Source data
•••••

(* Let $L\subseteq B_i$ be an SINR-feasible set of links in a bucket $B_i$, let $e\in B_i$, and let $L^\ell=\{e'\in L:d_{e'}\le d_{e'e}\}$. Then $\sum_{e'\in L^\ell}\bar a_{e'}(e)\le C$ for a constant $C$ depending only on $\alpha$ and $\varepsilon$.
   Context: Constants: $\alpha\ge0$, $N>0$, $\beta>0$. Nodes lie in the Euclidean plane. A link is $e=(s_e,r_e,P_e)$; $\mathcal{L}$ is the set of links. $d_e=d(s_e,r_e)$, $d_{e'e}=d(s_{e'},r_e)$, $S_e=P_e/d_e^\alpha$, $S_{e'e}=P_{e'}/d_{e'e}^\alpha$, $\gamma_e=\beta S_e/(S_e-\beta N)$, $\hat a_{e'}(e)=S_{e'e}/S_e$, $a_{e'}(e)=\gamma_e\hat a_{e'}(e)$, $\bar a_{e'}(e)=\min\{1,a_{e'}(e)\}$. $L$ is SINR-feasible if $S_e/(N+\sum_{e'\in L\setminus\{e\}}S_{e'e})\ge\beta$ for all $e\in L$. Buckets: $S_{\min}=\min_{e\in\mathcal{L}}S_e$, $B_i=\{e\in\mathcal{L}:2^iS_{\min}\le S_e<2^{i+1}S_{\min}\}$. Standing assumption: there is a constant $\varepsilon>0$ with $S_e/N\ge(1+\varepsilon)\beta$ for all $e\in\mathcal{L}$. *)

theory Defs
  imports "HOL-Analysis.Analysis"
begin

type_synonym point = "real \<times> real"
type_synonym link = "point \<times> point \<times> real"

definition sender :: "link \<Rightarrow> point" where "sender e = fst e"
definition receiver :: "link \<Rightarrow> point" where "receiver e = fst (snd e)"
definition power :: "link \<Rightarrow> real" where "power e = snd (snd e)"

definition dl :: "link \<Rightarrow> real" where "dl e = dist (sender e) (receiver e)"
definition dx :: "link \<Rightarrow> link \<Rightarrow> real" where "dx e' e = dist (sender e') (receiver e)"

definition S :: "real \<Rightarrow> link \<Rightarrow> real" where
  "S \<alpha> e = power e / (dl e powr \<alpha>)"

(* interference S_{e'e}; meaningful only when dx e' e > 0 (otherwise it is infinite,
   which is handled explicitly in feasible and abar below) *)
definition Sx :: "real \<Rightarrow> link \<Rightarrow> link \<Rightarrow> real" where
  "Sx \<alpha> e' e = power e' / (dx e' e powr \<alpha>)"

definition gam :: "real \<Rightarrow> real \<Rightarrow> real \<Rightarrow> link \<Rightarrow> real" where
  "gam \<alpha> \<beta> N e = \<beta> * S \<alpha> e / (S \<alpha> e - \<beta> * N)"

definition ahat :: "real \<Rightarrow> link \<Rightarrow> link \<Rightarrow> real" where
  "ahat \<alpha> e' e = Sx \<alpha> e' e / S \<alpha> e"

definition aff :: "real \<Rightarrow> real \<Rightarrow> real \<Rightarrow> link \<Rightarrow> link \<Rightarrow> real" where
  "aff \<alpha> \<beta> N e' e = gam \<alpha> \<beta> N e * ahat \<alpha> e' e"

(* abar = min 1 a; if the sender of e' sits on the receiver of e, a is infinite, so abar = 1 *)
definition abar :: "real \<Rightarrow> real \<Rightarrow> real \<Rightarrow> link \<Rightarrow> link \<Rightarrow> real" where
  "abar \<alpha> \<beta> N e' e = (if dx e' e = 0 then 1 else min 1 (aff \<alpha> \<beta> N e' e))"

(* SINR-feasibility; zero-distance interference is infinite, hence infeasible *)
definition feasible :: "real \<Rightarrow> real \<Rightarrow> real \<Rightarrow> link set \<Rightarrow> bool" where
  "feasible \<alpha> \<beta> N L \<longleftrightarrow>
     (\<forall>e\<in>L. (\<forall>e'\<in>L - {e}. dx e' e > 0) \<and>
             S \<alpha> e / (N + (\<Sum>e'\<in>L - {e}. Sx \<alpha> e' e)) \<ge> \<beta>)"

definition Smin :: "real \<Rightarrow> link set \<Rightarrow> real" where
  "Smin \<alpha> Ls = Min (S \<alpha> ` Ls)"

definition bucket :: "real \<Rightarrow> link set \<Rightarrow> nat \<Rightarrow> link set" where
  "bucket \<alpha> Ls i = {e\<in>Ls. 2 ^ i * Smin \<alpha> Ls \<le> S \<alpha> e \<and> S \<alpha> e < 2 ^ (i + 1) * Smin \<alpha> Ls}"

end

theory Submission imports Defs begin

text \<open>Let \<open>f\<close> be the link of \<open>L\<^sup>\<ell>\<close> whose sender is closest to \<open>r\<^sub>e\<close>. It contributes at most 1.
  For every other \<open>g \<in> L\<^sup>\<ell>\<close> the triangle inequality gives \<open>d(s\<^sub>g, r\<^sub>f) \<le> 3 d(s\<^sub>g, r\<^sub>e)\<close>, so the
  interference of \<open>g\<close> at \<open>e\<close> is at most \<open>3\<^sup>\<alpha>\<close> times its interference at \<open>f\<close>; since \<open>e\<close> and \<open>f\<close>
  lie in the same bucket, \<open>S\<^sub>f < 2 S\<^sub>e\<close>. Summing, feasibility of \<open>L\<close> at \<open>f\<close> bounds the total
  interference at \<open>f\<close> by \<open>S\<^sub>f / \<beta>\<close>, and \<open>\<gamma>\<^sub>e / \<beta> \<le> (1 + \<epsilon>) / \<epsilon>\<close> by the standing assumption.
  Hence \<open>C = 1 + 2 \<sqdot> 3\<^sup>\<alpha> (1 + \<epsilon>) / \<epsilon>\<close> works.\<close>

lemma dl_pos_power_pos_if_S_pos:
  assumes "S \<alpha> h > 0"
  shows "dl h > 0" "power h > 0"
proof -
  have "dl h \<noteq> 0" using assms by (auto simp: S_def)
  then show "dl h > 0" by (simp add: dl_def)
  then show "power h > 0" using assms by (simp add: S_def zero_less_divide_iff)
qed

lemma Sx_nonneg: "power g > 0 \<Longrightarrow> Sx \<alpha> g f \<ge> 0"
  by (simp add: Sx_def)

lemma dx_le_three_times:
  assumes "dl f \<le> dx f e" "dx f e \<le> dx g e"
  shows "dx g f \<le> 3 * dx g e"
proof -
  have "dx g f \<le> dx g e + dist (receiver e) (receiver f)"
    unfolding dx_def by (rule dist_triangle)
  moreover have "dist (receiver e) (receiver f) \<le> dx f e + dl f"
    using dist_triangle[of "receiver e" "receiver f" "sender f"]
    by (simp add: dx_def dl_def dist_commute)
  ultimately show ?thesis using assms by linarith
qed

lemma Sx_le_powr_mult_if_dx_le:
  assumes "\<alpha> \<ge> 0" "power g > 0" "dx g f > 0" "dx g f \<le> c * dx g e"
  shows "Sx \<alpha> g e \<le> c powr \<alpha> * Sx \<alpha> g f"
proof -
  have "c > 0" "dx g e > 0"
  proof -
    have "c * dx g e > 0" using assms(3,4) by linarith
    moreover have "dx g e \<ge> 0" by (simp add: dx_def)
    ultimately show "c > 0" "dx g e > 0" by (simp_all add: zero_less_mult_iff)
  qed
  have "dx g f powr \<alpha> \<le> c powr \<alpha> * dx g e powr \<alpha>"
    using assms \<open>c > 0\<close> \<open>dx g e > 0\<close> powr_mono2[OF assms(1), of "dx g f" "c * dx g e"]
    by (simp add: powr_mult)
  then have "power g / dx g e powr \<alpha> \<le> power g / (dx g f powr \<alpha> / c powr \<alpha>)"
    using assms \<open>c > 0\<close> \<open>dx g e > 0\<close>
    by (intro divide_left_mono) (auto simp: divide_le_eq mult.commute)
  then show ?thesis by (simp add: Sx_def ac_simps)
qed

lemma gam_bounds:
  assumes "\<epsilon> > 0" "\<beta> > 0" "N > 0" "S \<alpha> e \<ge> (1 + \<epsilon>) * \<beta> * N"
  shows "gam \<alpha> \<beta> N e \<ge> 0" "gam \<alpha> \<beta> N e / \<beta> \<le> (1 + \<epsilon>) / \<epsilon>"
proof -
  have "\<epsilon> * \<beta> * N > 0" using assms by simp
  then have margin: "S \<alpha> e - \<beta> * N \<ge> \<epsilon> * \<beta> * N" "S \<alpha> e - \<beta> * N > 0"
    using assms(4) by (simp_all add: algebra_simps)
  have gam_div: "gam \<alpha> \<beta> N e / \<beta> = S \<alpha> e / (S \<alpha> e - \<beta> * N)"
    using assms(2) by (simp add: gam_def)
  have "S \<alpha> e \<ge> 0" using margin(2) mult_pos_pos[OF assms(2,3)] by linarith
  then show "gam \<alpha> \<beta> N e \<ge> 0"
    using margin assms(2) by (simp add: gam_def)
  have "S \<alpha> e * \<epsilon> \<le> (1 + \<epsilon>) * (S \<alpha> e - \<beta> * N)"
    using assms(4) by (simp add: algebra_simps)
  then show "gam \<alpha> \<beta> N e / \<beta> \<le> (1 + \<epsilon>) / \<epsilon>"
    unfolding gam_div using margin(2) assms(1) by (simp add: divide_simps mult.commute)
qed

lemma abar_le_scaled_interference:
  assumes "\<alpha> \<ge> 0" "gam \<alpha> \<beta> N e \<ge> 0" "S \<alpha> f > 0" "S \<alpha> f < 2 * S \<alpha> e" "S \<alpha> g > 0"
    and "dl g \<le> dx g e" "dx g f > 0" "dl f \<le> dx f e" "dx f e \<le> dx g e"
  shows "abar \<alpha> \<beta> N g e \<le> 2 * 3 powr \<alpha> * gam \<alpha> \<beta> N e / S \<alpha> f * Sx \<alpha> g f"
proof -
  note dl_pos_power_pos_if_S_pos[OF \<open>S \<alpha> g > 0\<close>]
  have "dx g e > 0" using \<open>dl g > 0\<close> \<open>dl g \<le> dx g e\<close> by linarith
  have "dx g f \<le> 3 * dx g e" using assms(8,9) by (rule dx_le_three_times)
  have "Sx \<alpha> g e \<le> 3 powr \<alpha> * Sx \<alpha> g f"
    by (rule Sx_le_powr_mult_if_dx_le) fact+
  have "abar \<alpha> \<beta> N g e \<le> gam \<alpha> \<beta> N e * Sx \<alpha> g e / S \<alpha> e"
    using \<open>dx g e > 0\<close> by (simp add: abar_def aff_def ahat_def)
  also have "\<dots> \<le> gam \<alpha> \<beta> N e * (3 powr \<alpha> * Sx \<alpha> g f) / S \<alpha> e"
    using assms(2-4) \<open>Sx \<alpha> g e \<le> _\<close> by (intro divide_right_mono mult_left_mono) auto
  also have "\<dots> \<le> gam \<alpha> \<beta> N e * (3 powr \<alpha> * Sx \<alpha> g f) * (2 / S \<alpha> f)"
  proof -
    have "1 / S \<alpha> e \<le> 2 / S \<alpha> f" using assms(3,4) by (simp add: divide_simps)
    moreover have "gam \<alpha> \<beta> N e * (3 powr \<alpha> * Sx \<alpha> g f) \<ge> 0"
      using assms(2) Sx_nonneg[OF \<open>power g > 0\<close>] by simp
    ultimately show ?thesis by (metis mult_left_mono times_divide_eq_right mult_1_right)
  qed
  also have "\<dots> = 2 * 3 powr \<alpha> * gam \<alpha> \<beta> N e / S \<alpha> f * Sx \<alpha> g f" by simp
  finally show ?thesis .
qed

lemma feasible_interference_le:
  assumes "feasible \<alpha> \<beta> N L" "f \<in> L" "\<beta> > 0" "N > 0" "\<forall>g\<in>L. power g > 0"
  shows "(\<Sum>g\<in>L - {f}. Sx \<alpha> g f) \<le> S \<alpha> f / \<beta>"
proof -
  let ?I = "\<Sum>g\<in>L - {f}. Sx \<alpha> g f"
  have "?I \<ge> 0" using assms(5) Sx_nonneg by (intro sum_nonneg) auto
  moreover have "S \<alpha> f / (N + ?I) \<ge> \<beta>" using assms(1,2) by (simp add: feasible_def)
  ultimately have "\<beta> * N + \<beta> * ?I \<le> S \<alpha> f"
    using assms(4) by (simp add: divide_simps distrib_left)
  moreover have "\<beta> * N > 0" using assms(3,4) by simp
  ultimately have "\<beta> * ?I \<le> S \<alpha> f" by linarith
  then show ?thesis using assms(3) by (simp add: field_simps)
qed

lemma sum_abar_near_le:
  assumes "\<alpha> \<ge> 0" "\<epsilon> > 0" "\<beta> > 0" "N > 0" "finite L" "feasible \<alpha> \<beta> N L"
    and S_pos: "\<forall>g\<in>L. S \<alpha> g > 0"
    and same_scale: "\<forall>g\<in>L. S \<alpha> g < 2 * S \<alpha> e"
    and S_e: "S \<alpha> e \<ge> (1 + \<epsilon>) * \<beta> * N"
  shows "(\<Sum>g\<in>{g\<in>L. dl g \<le> dx g e}. abar \<alpha> \<beta> N g e) \<le> 1 + 2 * 3 powr \<alpha> * ((1 + \<epsilon>) / \<epsilon>)"
    (is "(\<Sum>g\<in>?A. _) \<le> ?C")
proof (cases "?A = {}")
  case True
  have "0 \<le> ?C" using assms(2) by simp
  then show ?thesis unfolding True by simp
next
  case False
  have "finite ?A" using assms(5) by simp
  obtain f where "f \<in> ?A" and f_nearest: "\<forall>g\<in>?A. dx f e \<le> dx g e"
    using arg_min_if_finite[OF \<open>finite ?A\<close> False, of "\<lambda>g. dx g e"]
    by (metis (no_types, lifting) not_le)
  then have "f \<in> L" "dl f \<le> dx f e" by auto
  have power_pos: "\<forall>g\<in>L. power g > 0"
    using S_pos dl_pos_power_pos_if_S_pos(2) by blast
  have S_f: "S \<alpha> f > 0" "S \<alpha> f < 2 * S \<alpha> e" using S_pos same_scale \<open>f \<in> L\<close> by auto
  note gam_nonneg = gam_bounds(1)[OF assms(2,3,4) S_e]
  note gam_le = gam_bounds(2)[OF assms(2,3,4) S_e]
  define K where "K = 2 * 3 powr \<alpha> * gam \<alpha> \<beta> N e / S \<alpha> f"
  have "K \<ge> 0" using gam_nonneg S_f by (simp add: K_def)
  have abar_le: "abar \<alpha> \<beta> N g e \<le> K * Sx \<alpha> g f" if "g \<in> ?A - {f}" for g
  proof -
    have "g \<in> L" "dl g \<le> dx g e" using that by auto
    have "dx f e \<le> dx g e" using f_nearest that by blast
    have "dx g f > 0" using assms(6) \<open>f \<in> L\<close> \<open>g \<in> L\<close> that by (auto simp: feasible_def)
    have "S \<alpha> g > 0" using S_pos \<open>g \<in> L\<close> by blast
    from abar_le_scaled_interference[OF assms(1) gam_nonneg S_f this] show ?thesis
      unfolding K_def by (simp add: \<open>dl g \<le> dx g e\<close> \<open>dx g f > 0\<close> \<open>dl f \<le> dx f e\<close> \<open>dx f e \<le> dx g e\<close>)
  qed
  have "(\<Sum>g\<in>?A - {f}. Sx \<alpha> g f) \<le> (\<Sum>g\<in>L - {f}. Sx \<alpha> g f)"
    using assms(5) power_pos Sx_nonneg by (intro sum_mono2) auto
  also have "\<dots> \<le> S \<alpha> f / \<beta>"
    using feasible_interference_le[OF assms(6) \<open>f \<in> L\<close> assms(3,4) power_pos] .
  finally have interference: "(\<Sum>g\<in>?A - {f}. Sx \<alpha> g f) \<le> S \<alpha> f / \<beta>" .
  have "(\<Sum>g\<in>?A. abar \<alpha> \<beta> N g e) = abar \<alpha> \<beta> N f e + (\<Sum>g\<in>?A - {f}. abar \<alpha> \<beta> N g e)"
    using \<open>finite ?A\<close> \<open>f \<in> ?A\<close> by (simp add: sum.remove)
  also have "\<dots> \<le> 1 + (\<Sum>g\<in>?A - {f}. K * Sx \<alpha> g f)"
    by (rule add_mono) (simp add: abar_def, rule sum_mono, rule abar_le)
  also have "\<dots> = 1 + K * (\<Sum>g\<in>?A - {f}. Sx \<alpha> g f)"
    by (simp add: sum_distrib_left)
  also have "\<dots> \<le> 1 + K * (S \<alpha> f / \<beta>)"
    using mult_left_mono[OF interference \<open>K \<ge> 0\<close>] by simp
  also have "\<dots> = 1 + 2 * 3 powr \<alpha> * (gam \<alpha> \<beta> N e / \<beta>)"
    using S_f by (simp add: K_def)
  also have "\<dots> \<le> ?C"
    using gam_le by (intro add_left_mono mult_left_mono) auto
  finally show ?thesis .
qed

theorem lemma3:
  fixes \<alpha> \<epsilon> :: real
  assumes "\<alpha> \<ge> 0" and "\<epsilon> > 0"
  shows "\<exists>C. \<forall>(N::real) (\<beta>::real) (Ls::link set) (i::nat) (L::link set) (e::link).
           N > 0 \<longrightarrow> \<beta> > 0 \<longrightarrow> finite Ls \<longrightarrow> Ls \<noteq> {} \<longrightarrow>
           (\<forall>f\<in>Ls. S \<alpha> f / N \<ge> (1 + \<epsilon>) * \<beta>) \<longrightarrow>
           L \<subseteq> bucket \<alpha> Ls i \<longrightarrow> feasible \<alpha> \<beta> N L \<longrightarrow> e \<in> bucket \<alpha> Ls i \<longrightarrow>
           (\<Sum>e'\<in>{e'\<in>L. dl e' \<le> dx e' e}. abar \<alpha> \<beta> N e' e) \<le> C"
proof (intro exI allI impI)
  fix N \<beta> :: real and Ls :: "link set" and i :: nat and L :: "link set" and e :: link
  assume "N > 0" "\<beta> > 0" "finite Ls" "Ls \<noteq> {}"
    and S_large: "\<forall>f\<in>Ls. S \<alpha> f / N \<ge> (1 + \<epsilon>) * \<beta>"
    and L_bucket: "L \<subseteq> bucket \<alpha> Ls i" and "feasible \<alpha> \<beta> N L"
    and e_bucket: "e \<in> bucket \<alpha> Ls i"
  have "L \<subseteq> Ls" "e \<in> Ls" using L_bucket e_bucket by (auto simp: bucket_def)
  have S_ge: "S \<alpha> h \<ge> (1 + \<epsilon>) * \<beta> * N" if "h \<in> Ls" for h
    using S_large that \<open>N > 0\<close> by (simp add: field_simps)
  have "(1 + \<epsilon>) * \<beta> * N > 0" using assms \<open>\<beta> > 0\<close> \<open>N > 0\<close> by simp
  then have "\<forall>g\<in>L. S \<alpha> g > 0" using S_ge \<open>L \<subseteq> Ls\<close> by (meson less_le_trans subsetD)
  moreover have "\<forall>g\<in>L. S \<alpha> g < 2 * S \<alpha> e"
    using L_bucket e_bucket by (auto simp: bucket_def)
  moreover have "finite L" using \<open>L \<subseteq> Ls\<close> \<open>finite Ls\<close> by (rule finite_subset)
  ultimately show "(\<Sum>e'\<in>{e'\<in>L. dl e' \<le> dx e' e}. abar \<alpha> \<beta> N e' e)
                   \<le> 1 + 2 * 3 powr \<alpha> * ((1 + \<epsilon>) / \<epsilon>)"
    using sum_abar_near_le[OF assms \<open>\<beta> > 0\<close> \<open>N > 0\<close> _ \<open>feasible \<alpha> \<beta> N L\<close>]
      S_ge[OF \<open>e \<in> Ls\<close>] by blast
qed

end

•••••

* **TASK PROMPT**:
Filter the entries above and keep only the lines with the word "links".

* **ANSWER BOX**:
(* Let $L\subseteq B_i$ be an SINR-feasible set of links in a bucket $B_i$, let $e\in B_i$, and let $L^\ell=\{e'\in L:d_{e'}\le d_{e'e}\}$. Then $\sum_{e'\in L^\ell}\bar a_{e'}(e)\le C$ for a constant $C$ depending only on $\alpha$ and $\varepsilon$.
   Context: Constants: $\alpha\ge0$, $N>0$, $\beta>0$. Nodes lie in the Euclidean plane. A link is $e=(s_e,r_e,P_e)$; $\mathcal{L}$ is the set of links. $d_e=d(s_e,r_e)$, $d_{e'e}=d(s_{e'},r_e)$, $S_e=P_e/d_e^\alpha$, $S_{e'e}=P_{e'}/d_{e'e}^\alpha$, $\gamma_e=\beta S_e/(S_e-\beta N)$, $\hat a_{e'}(e)=S_{e'e}/S_e$, $a_{e'}(e)=\gamma_e\hat a_{e'}(e)$, $\bar a_{e'}(e)=\min\{1,a_{e'}(e)\}$. $L$ is SINR-feasible if $S_e/(N+\sum_{e'\in L\setminus\{e\}}S_{e'e})\ge\beta$ for all $e\in L$. Buckets: $S_{\min}=\min_{e\in\mathcal{L}}S_e$, $B_i=\{e\in\mathcal{L}:2^iS_{\min}\le S_e<2^{i+1}S_{\min}\}$. Standing assumption: there is a constant $\varepsilon>0$ with $S_e/N\ge(1+\varepsilon)\beta$ for all $e\in\mathcal{L}$. *)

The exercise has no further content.